Behavior: Links in Reblog cannot be ‘archived’ or ‘published’
Problem: Reblog wasn’t sanitizing the ‘link’ field in the MySQL table properly, allowing injection of unescaped single quotes (’) from RSS feeds into the database. The query would fail and thus would never process properly.
File: Controller.class.php in /refeed/library/RF
Version: $Revision: 1.40 (reBlog version 2.0b2)
Status: Bug reported with code fix implemented below. I didn’t see a solution posted in the official Reblog help forum. I have posted about the issue there and linked here.
Example database call (http part is stripped so WP doesn’t make a link, error emphasized)
mysql> select link from items where link like ‘%\’%';
| businessweek.com/technology/content/jun2006/tc20060615_290127.htm?
chan=technology_technology+index+page_more+of+today‘s+top+stories |
1 row in set (1.81 sec)
Note: this link isn’t being sent properly by del.icio.us either. It should have been converted to a safe URL by them and then transported through the RSS feed. This leaves the problem to the aggregator to sanitize before entering the database — which should always be done anyway.
This URL bug ran through three places: businessweek RSS feed (source), delicious popular (tagged) and reblog (aggregator, and into the database).

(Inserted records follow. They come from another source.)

(* Let $G$ be a circle of circumference $1$, let $\mathbf{x}\in G^n$ be such that the agents are not on one semicircle, and let $i\in N$, $x_i'\in G$ be such that the agents in $\mathbf{x}'=(x_i',\mathbf{x}_{-i})$ are on one semicircle. Then $\mathrm{cost}(\mathrm{rc}(\mathbf{x}),x_i)\le\mathrm{cost}(\mathrm{lrm}(\mathbf{x}'),x_i)$.
   Context: $d(x,y)$ is the shorter-arc length; $\hat x$ the antipode of $x$; $\mathrm{cost}(P,x_i)=\mathbb{E}_{y\sim P}[d(x_i,y)]$. Agents are on one semicircle if all locations lie in some closed arc of length $1/2$. LRM: for a profile on one semicircle, fix a closed arc of minimal length containing all locations, with endpoints $l,r$; $\mathrm{lrm}$ returns $l$ w.p. $1/4$, $r$ w.p. $1/4$, and the midpoint of that arc w.p. $1/2$. RC: the antipodal points $\hat{x}_1,\dots,\hat{x}_n$ partition $G$ into arcs between cyclically consecutive antipodal points; $\mathrm{rc}$ returns the midpoint of each such arc with probability equal to its length. *)

theory Defs
  imports Complex_Main
begin

text \<open>The circle G of circumference 1 is represented by the reals modulo 1:
  a real number y denotes the point (frac y) of the circle. Agents are indexed by {..<n}.\<close>

definition cdist :: "real \<Rightarrow> real \<Rightarrow> real" where
  "cdist x y = min (frac (x - y)) (frac (y - x))"

definition antipode :: "real \<Rightarrow> real" where
  "antipode x = x + 1/2"

definition in_arc :: "real \<Rightarrow> real \<Rightarrow> real \<Rightarrow> bool" where
  "in_arc a L y \<longleftrightarrow> frac (y - a) \<le> L"

definition arc_contains_all :: "nat \<Rightarrow> (nat \<Rightarrow> real) \<Rightarrow> real \<Rightarrow> real \<Rightarrow> bool" where
  "arc_contains_all n x a L \<longleftrightarrow> 0 \<le> L \<and> L \<le> 1 \<and> (\<forall>j<n. in_arc a L (x j))"

definition one_semicircle :: "nat \<Rightarrow> (nat \<Rightarrow> real) \<Rightarrow> bool" where
  "one_semicircle n x \<longleftrightarrow> (\<exists>a. arc_contains_all n x a (1/2))"

definition minimal_arc :: "nat \<Rightarrow> (nat \<Rightarrow> real) \<Rightarrow> real \<Rightarrow> real \<Rightarrow> bool" where
  "minimal_arc n x a L \<longleftrightarrow> arc_contains_all n x a L \<and>
     (\<forall>a' L'. arc_contains_all n x a' L' \<longrightarrow> L \<le> L')"

text \<open>Finitely supported distributions as lists of (probability, point) pairs;
  the cost of a point is its expected distance to the random outcome.\<close>
definition cost :: "(real \<times> real) list \<Rightarrow> real \<Rightarrow> real" where
  "cost P y = (\<Sum>(p, z) \<leftarrow> P. p * cdist y z)"

text \<open>LRM for the fixed minimal arc [a, a+L]: endpoints l = a, r = a + L, midpoint a + L/2.\<close>
definition lrm :: "real \<Rightarrow> real \<Rightarrow> (real \<times> real) list" where
  "lrm a L = [(1/4, a), (1/4, a + L), (1/2, a + L/2)]"

text \<open>RC: the distinct antipodal points (normalised to [0,1)) split the circle into arcs;
  the arc starting at p ends at the next antipodal point counterclockwise.\<close>
definition antipodes :: "nat \<Rightarrow> (nat \<Rightarrow> real) \<Rightarrow> real set" where
  "antipodes n x = (\<lambda>j. frac (antipode (x j))) ` {..<n}"

definition rc_gap :: "real set \<Rightarrow> real \<Rightarrow> real" where
  "rc_gap A p = (if A - {p} = {} then 1 else Min ((\<lambda>q. frac (q - p)) ` (A - {p})))"

definition rc :: "nat \<Rightarrow> (nat \<Rightarrow> real) \<Rightarrow> (real \<times> real) list" where
  "rc n x = map (\<lambda>p. (rc_gap (antipodes n x) p, p + rc_gap (antipodes n x) p / 2))
              (sorted_list_of_set (antipodes n x))"

end

theory Submission
  imports Defs
begin

(* Proof idea.  Both sides of the inequality are compared with the constant 1/4.

   RC side: measure positions on the circle counterclockwise from the antipode
   c of agent i, so that x_i sits at position 1/2 and the RC cut points become
   reals 0 = u_0 < u_1 < ... < u_m < 1 (with u_{m+1} = 1).  The RC cost of x_i
   is the midpoint rule  sum_k (u_{k+1} - u_k) |1/2 - (u_k + u_{k+1})/2|  for
   the convex function t |-> |1/2 - t|, hence at most its integral over [0,1],
   which is 1/4.  This holds for every agent, whatever the profile.

   LRM side: if x is not on one semicircle, then the antipode of x_i lies in
   the minimal arc [a, a+L] of the deviated profile (otherwise an arc of length
   1/2 would cover x).  For such a point each of l, r and the midpoint is at
   distance 1/2 minus its offset from the antipode, and the expected distance
   is at least 1/2 - L/2 >= 1/4 since L <= 1/2. *)

lemma frac_add_small:
  assumes "0 \<le> frac y + d" "frac y + d < 1"
  shows "frac (y + d) = frac y + d"
proof -
  have "frac (y + d) = frac (frac y + d)" by simp
  also have "\<dots> = frac y + d" using frac_eq[of "frac y + d"] assms by blast
  finally show ?thesis .
qed

lemma cdist_eq_abs:
  assumes "\<bar>x - y - of_int k\<bar> \<le> 1/2"
  shows "cdist x y = \<bar>x - y - of_int k\<bar>"
proof -
  define d where "d = x - y - of_int k"
  have d_half: "\<bar>d\<bar> \<le> 1/2" using assms by (simp add: d_def)
  have "frac (x - y) = frac (d + of_int k)" by (simp add: d_def)
  then have frac_xy: "frac (x - y) = frac d" by simp
  have "frac (y - x) = frac (- d + of_int (- k))" by (simp add: d_def)
  then have frac_yx: "frac (y - x) = frac (- d)" by (simp only: frac_add_of_int_right)
  show ?thesis
  proof (cases "d \<ge> 0")
    case True
    have "frac d = d" using True d_half by (simp add: frac_eq)
    moreover have "d \<le> frac (- d)"
    proof (cases "d = 0")
      case False
      have "frac (- d) = frac (- d + 1)" by (metis frac_1_eq)
      also have "\<dots> = 1 - d" using True False d_half by (simp add: frac_eq)
      finally show ?thesis using d_half by simp
    qed simp
    ultimately show ?thesis using True by (simp add: cdist_def frac_xy frac_yx d_def[symmetric])
  next
    case False
    have "frac (- d) = - d" using False d_half by (simp add: frac_eq)
    moreover have "frac d = d + 1"
      using frac_1_eq[of d] False d_half by (simp add: frac_eq)
    ultimately show ?thesis using False d_half
      by (simp add: cdist_def frac_xy frac_yx d_def[symmetric])
  qed
qed

section \<open>Rotated coordinates\<close>

definition rot :: "real \<Rightarrow> real \<Rightarrow> real" where
  "rot c q = frac (q - c)"

lemma rot_bounds: "0 \<le> rot c q" "rot c q < 1"
  by (simp_all add: rot_def frac_lt_1)

lemma rot_self [simp]: "rot c c = 0"
  by (simp add: rot_def)

lemma inj_on_rot: "inj_on (rot c) {0..<1}"
proof (rule inj_onI)
  fix q1 q2 assume q: "q1 \<in> {0..<1}" "q2 \<in> {0..<1}" "rot c q1 = rot c q2"
  obtain k where "q1 - c = q2 - c + of_int k" using q(3) unfolding rot_def by (rule frac_eqE)
  then have "q1 = q2 + of_int k" by simp
  then have "frac q1 = frac q2" by simp
  then show "q1 = q2" using q(1,2) by simp
qed

lemma frac_diff_rot:
  "frac (q - p) = (if rot c p \<le> rot c q then rot c q - rot c p else rot c q - rot c p + 1)"
proof -
  have "frac (q - p) = frac ((q - c) - (p - c))" by simp
  then show ?thesis
    using frac_diff_pos[of "p - c" "q - c"] frac_diff_neg[of "q - c" "p - c"]
    unfolding rot_def by (simp split: if_split)
qed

The proper code to sanitize query strings from URLs like this:
$the_link =
“?chan=technology_technology+index+page_more+of+today‘s+top+stories”;
print “before: $the_link
<hr />After: “
.
urlencode($the_link);
If this step had been taken before transferring the URL to the source RSS feed (businessweek) or in the tagging (delicious popular) then it wouldn’t be needed in the RSS Aggregator (Reblog). Since that’s not the case, I decided to modify the Reblog code to deal with unsanitized URLs before they reach the database and render future database writes in Reblog disfunctional. Because Reblog can use multiple input sources it makes more sense to alter the point just before the save routine rather than alter the code of each input source (like magepieRSS).
Reblog
1. locate Controller.class.php in /refeed/library/RF
2. line to patch is in saveItem() function starting around line 1679 as follows:
Locate this:
function saveItem(&$item)
{
$dbhw =& $this->getWriteHandle();
$data = $item->columnNamesValues();
And CHANGE to this:
function saveItem
(&
$item)
{
$dbhw =&
$this->
getWriteHandle();
$data =
$item->
columnNamesValues();
// sanitize all links being saved with single quote
$data[‘link’] = str_replace(“‘”,“%27″,$data[‘link’]);
Notice this patch string replaces any instance of the single quote character in the link to the %27 sanitized version. A more comprehensive fix would be to urlencode the query string portion of the URL shown earlier in this post. My concern was fixing that specific character which kept causing problems.
You can test this issue in your version of Reblog with the broken del.icio.us feed cached here (not linked):
php-scripts.com/examples/popular-delicious_06172006.xml